section \<open>The three sums\<close>

lemma odd_neighbours_partial_fractions:
  fixes w c :: real
  assumes "1 \<le> w"
  shows "c / ((2 * w - 1) * w * (2 * w + 1)) = c / (2 * w - 1) + c / (2 * w + 1) - c / w"
    and "c / ((2 * w - 1) * w ^ 2 * (2 * w + 1))
           = 2 * c / (2 * w - 1) - 2 * c / (2 * w + 1) - c / w ^ 2"
    and "c / ((2 * w - 1) * w ^ 3 * (2 * w + 1))
           = 4 * c / (2 * w - 1) + 4 * c / (2 * w + 1) - 4 * c / w - c / w ^ 3"
proof -
  define a b where "a = 2 * w - 1" and "b = 2 * w + 1"
  have "a \<noteq> 0" "b \<noteq> 0" "w \<noteq> 0"
    using assms by (auto simp: a_def b_def)
  then have "c / (a * w * b) = c / a + c / b - c / w"
    and "c / (a * w ^ 2 * b) = 2 * c / a - 2 * c / b - c / w ^ 2"
    and "c / (a * w ^ 3 * b) = 4 * c / a + 4 * c / b - 4 * c / w - c / w ^ 3"
    by (simp_all add: field_simps)
      (simp_all add: a_def b_def algebra_simps power2_eq_square power3_eq_cube)
  then show "c / ((2 * w - 1) * w * (2 * w + 1)) = c / (2 * w - 1) + c / (2 * w + 1) - c / w"
    and "c / ((2 * w - 1) * w ^ 2 * (2 * w + 1))
           = 2 * c / (2 * w - 1) - 2 * c / (2 * w + 1) - c / w ^ 2"
    and "c / ((2 * w - 1) * w ^ 3 * (2 * w + 1))
           = 4 * c / (2 * w - 1) + 4 * c / (2 * w + 1) - 4 * c / w - c / w ^ 3"
    by (simp_all only: a_def b_def)
qed

lemma has_sum_inverse_odd_neighbours_k:
  "((\<lambda>k. 1 / (2 ^ (k + 1) * (2 * real k - 1) * real k * (2 * real k + 1)))
     has_sum (3 / (2 * sqrt 2) * ln (1 + sqrt 2) - 1 / 2 * (ln 2 + 1))) {1..}"
proof -
  have "((\<lambda>k. ((1 / 2) ^ k / (2 * real k - 1) + (1 / 2) ^ k / (2 * real k + 1)
               - (1 / 2) ^ k / real k ^ 1) / 2)
      has_sum (ln (1 + sqrt 2) / sqrt 2 + (sqrt 2 * ln (1 + sqrt 2) - 1) - polylog 1 (1 / 2)) / 2)
      {1..}" (is "(?f has_sum ?S) _")
    by (intro has_sum_divide_const has_sum_add has_sum_diff has_sum_half_power_div_2k_minus_1
        has_sum_half_power_div_2k_plus_1 polylog_has_sum) auto
  also have "?S = 3 / (2 * sqrt 2) * ln (1 + sqrt 2) - 1 / 2 * (ln 2 + 1)"
    using polylog_1_eq_minus_ln[of "1 / 2"] by (simp add: ln_div field_simps)
  finally show ?thesis
  proof (rule has_sum_cong[THEN iffD1, rotated])
    fix k :: nat
    assume "k \<in> {1..}"
    then have "1 \<le> real k"
      by simp
    have "1 / (2 ^ (k + 1) * (2 * real k - 1) * real k * (2 * real k + 1))
        = (1 / 2) ^ k / ((2 * real k - 1) * real k * (2 * real k + 1)) / 2"
      by (simp add: power_one_over power_add mult_ac)
    then show "?f k = 1 / (2 ^ (k + 1) * (2 * real k - 1) * real k * (2 * real k + 1))"
      using odd_neighbours_partial_fractions(1)[OF \<open>1 \<le> real k\<close>] by simp
  qed
qed

lemma has_sum_inverse_odd_neighbours_k2:
  "((\<lambda>k. 1 / (2 ^ (k + 2) * (2 * real k - 1) * real k ^ 2 * (2 * real k + 1)))
     has_sum (1 / 2 + 1 / 8 * (ln 2) ^ 2 - pi ^ 2 / 48 - 1 / (2 * sqrt 2) * ln (1 + sqrt 2))) {1..}"
proof -
  have "((\<lambda>k. (2 * ((1 / 2) ^ k / (2 * real k - 1)) - 2 * ((1 / 2) ^ k / (2 * real k + 1))
               - (1 / 2) ^ k / real k ^ 2) / 4)
      has_sum (2 * (ln (1 + sqrt 2) / sqrt 2) - 2 * (sqrt 2 * ln (1 + sqrt 2) - 1)
               - polylog 2 (1 / 2)) / 4)
      {1..}" (is "(?f has_sum ?S) _")
    by (intro has_sum_divide_const has_sum_diff has_sum_cmult_right
        has_sum_half_power_div_2k_minus_1 has_sum_half_power_div_2k_plus_1 polylog_has_sum) auto
  also have "?S = 1 / 2 + 1 / 8 * (ln 2) ^ 2 - pi ^ 2 / 48 - 1 / (2 * sqrt 2) * ln (1 + sqrt 2)"
    by (simp add: polylog_2_at_half field_simps)
  finally show ?thesis
  proof (rule has_sum_cong[THEN iffD1, rotated])
    fix k :: nat
    assume "k \<in> {1..}"
    then have "1 \<le> real k"
      by simp
    have "1 / (2 ^ (k + 2) * (2 * real k - 1) * real k ^ 2 * (2 * real k + 1))
        = (1 / 2) ^ k / ((2 * real k - 1) * real k ^ 2 * (2 * real k + 1)) / 4"
      by (simp add: power_one_over power_add mult_ac)
    then show "?f k = 1 / (2 ^ (k + 2) * (2 * real k - 1) * real k ^ 2 * (2 * real k + 1))"
      using odd_neighbours_partial_fractions(2)[OF \<open>1 \<le> real k\<close>] by simp
  qed
qed

lemma has_sum_inverse_odd_neighbours_k3:
  "((\<lambda>k. 1 / (2 ^ (k + 3) * (2 * real k - 1) * real k ^ 3 * (2 * real k + 1)))
     has_sum (3 / (2 * sqrt 2) * ln (1 + sqrt 2) + pi ^ 2 * ln 2 / 96 - 1 / 2 * (ln 2 + 1)
              - (ln 2) ^ 3 / 48 - 7 / 64 * zeta 3)) {1..}"
proof -
  have "((\<lambda>k. (4 * ((1 / 2) ^ k / (2 * real k - 1)) + 4 * ((1 / 2) ^ k / (2 * real k + 1))
               - 4 * ((1 / 2) ^ k / real k ^ 1) - (1 / 2) ^ k / real k ^ 3) / 8)
      has_sum (4 * (ln (1 + sqrt 2) / sqrt 2) + 4 * (sqrt 2 * ln (1 + sqrt 2) - 1)
               - 4 * polylog 1 (1 / 2) - polylog 3 (1 / 2)) / 8)
      {1..}" (is "(?f has_sum ?S) _")
    by (intro has_sum_divide_const has_sum_diff has_sum_add has_sum_cmult_right
        has_sum_half_power_div_2k_minus_1 has_sum_half_power_div_2k_plus_1 polylog_has_sum) auto
  also have "?S = 3 / (2 * sqrt 2) * ln (1 + sqrt 2) + pi ^ 2 * ln 2 / 96 - 1 / 2 * (ln 2 + 1)
                  - (ln 2) ^ 3 / 48 - 7 / 64 * zeta 3"
    using polylog_1_eq_minus_ln[of "1 / 2"] by (simp add: polylog_3_at_half ln_div field_simps)
  finally show ?thesis
  proof (rule has_sum_cong[THEN iffD1, rotated])
    fix k :: nat
    assume "k \<in> {1..}"
    then have "1 \<le> real k"
      by simp
    have "1 / (2 ^ (k + 3) * (2 * real k - 1) * real k ^ 3 * (2 * real k + 1))
        = (1 / 2) ^ k / ((2 * real k - 1) * real k ^ 3 * (2 * real k + 1)) / 8"
      by (simp add: power_one_over power_add mult_ac)
    then show "?f k = 1 / (2 ^ (k + 3) * (2 * real k - 1) * real k ^ 3 * (2 * real k + 1))"
      using odd_neighbours_partial_fractions(3)[OF \<open>1 \<le> real k\<close>] by simp
  qed
qed

theorem corollary4:
  shows "((\<lambda>k::nat. 1 / (2 ^ (k + 1) * (2 * real k - 1) * real k * (2 * real k + 1)))
            has_sum (3 / (2 * sqrt 2) * ln (1 + sqrt 2) - 1 / 2 * (ln 2 + 1))) {1..} \<and>
         ((\<lambda>k::nat. 1 / (2 ^ (k + 2) * (2 * real k - 1) * real k ^ 2 * (2 * real k + 1)))
            has_sum (1 / 2 + 1 / 8 * (ln 2) ^ 2 - pi ^ 2 / 48 - 1 / (2 * sqrt 2) * ln (1 + sqrt 2))) {1..} \<and>
         ((\<lambda>k::nat. 1 / (2 ^ (k + 3) * (2 * real k - 1) * real k ^ 3 * (2 * real k + 1)))
            has_sum (3 / (2 * sqrt 2) * ln (1 + sqrt 2) + pi ^ 2 * ln 2 / 96 - 1 / 2 * (ln 2 + 1)
                     - (ln 2) ^ 3 / 48 - 7 / 64 * zeta 3)) {1..}"
  using has_sum_inverse_odd_neighbours_k has_sum_inverse_odd_neighbours_k2
    has_sum_inverse_odd_neighbours_k3 by blast

end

+++++

_YOUR INSTRUCTIONS_
Check the listing for the word "also". Show each line that has it.

_TASK SOLUTION_
  also have "?S = 3 / (2 * sqrt 2) * ln (1 + sqrt 2) - 1 / 2 * (ln 2 + 1)"
  also have "?S = 1 / 2 + 1 / 8 * (ln 2) ^ 2 - pi ^ 2 / 48 - 1 / (2 * sqrt 2) * ln (1 + sqrt 2)"
  also have "?S = 3 / (2 * sqrt 2) * ln (1 + sqrt 2) + pi ^ 2 * ln 2 / 96 - 1 / 2 * (ln 2 + 1)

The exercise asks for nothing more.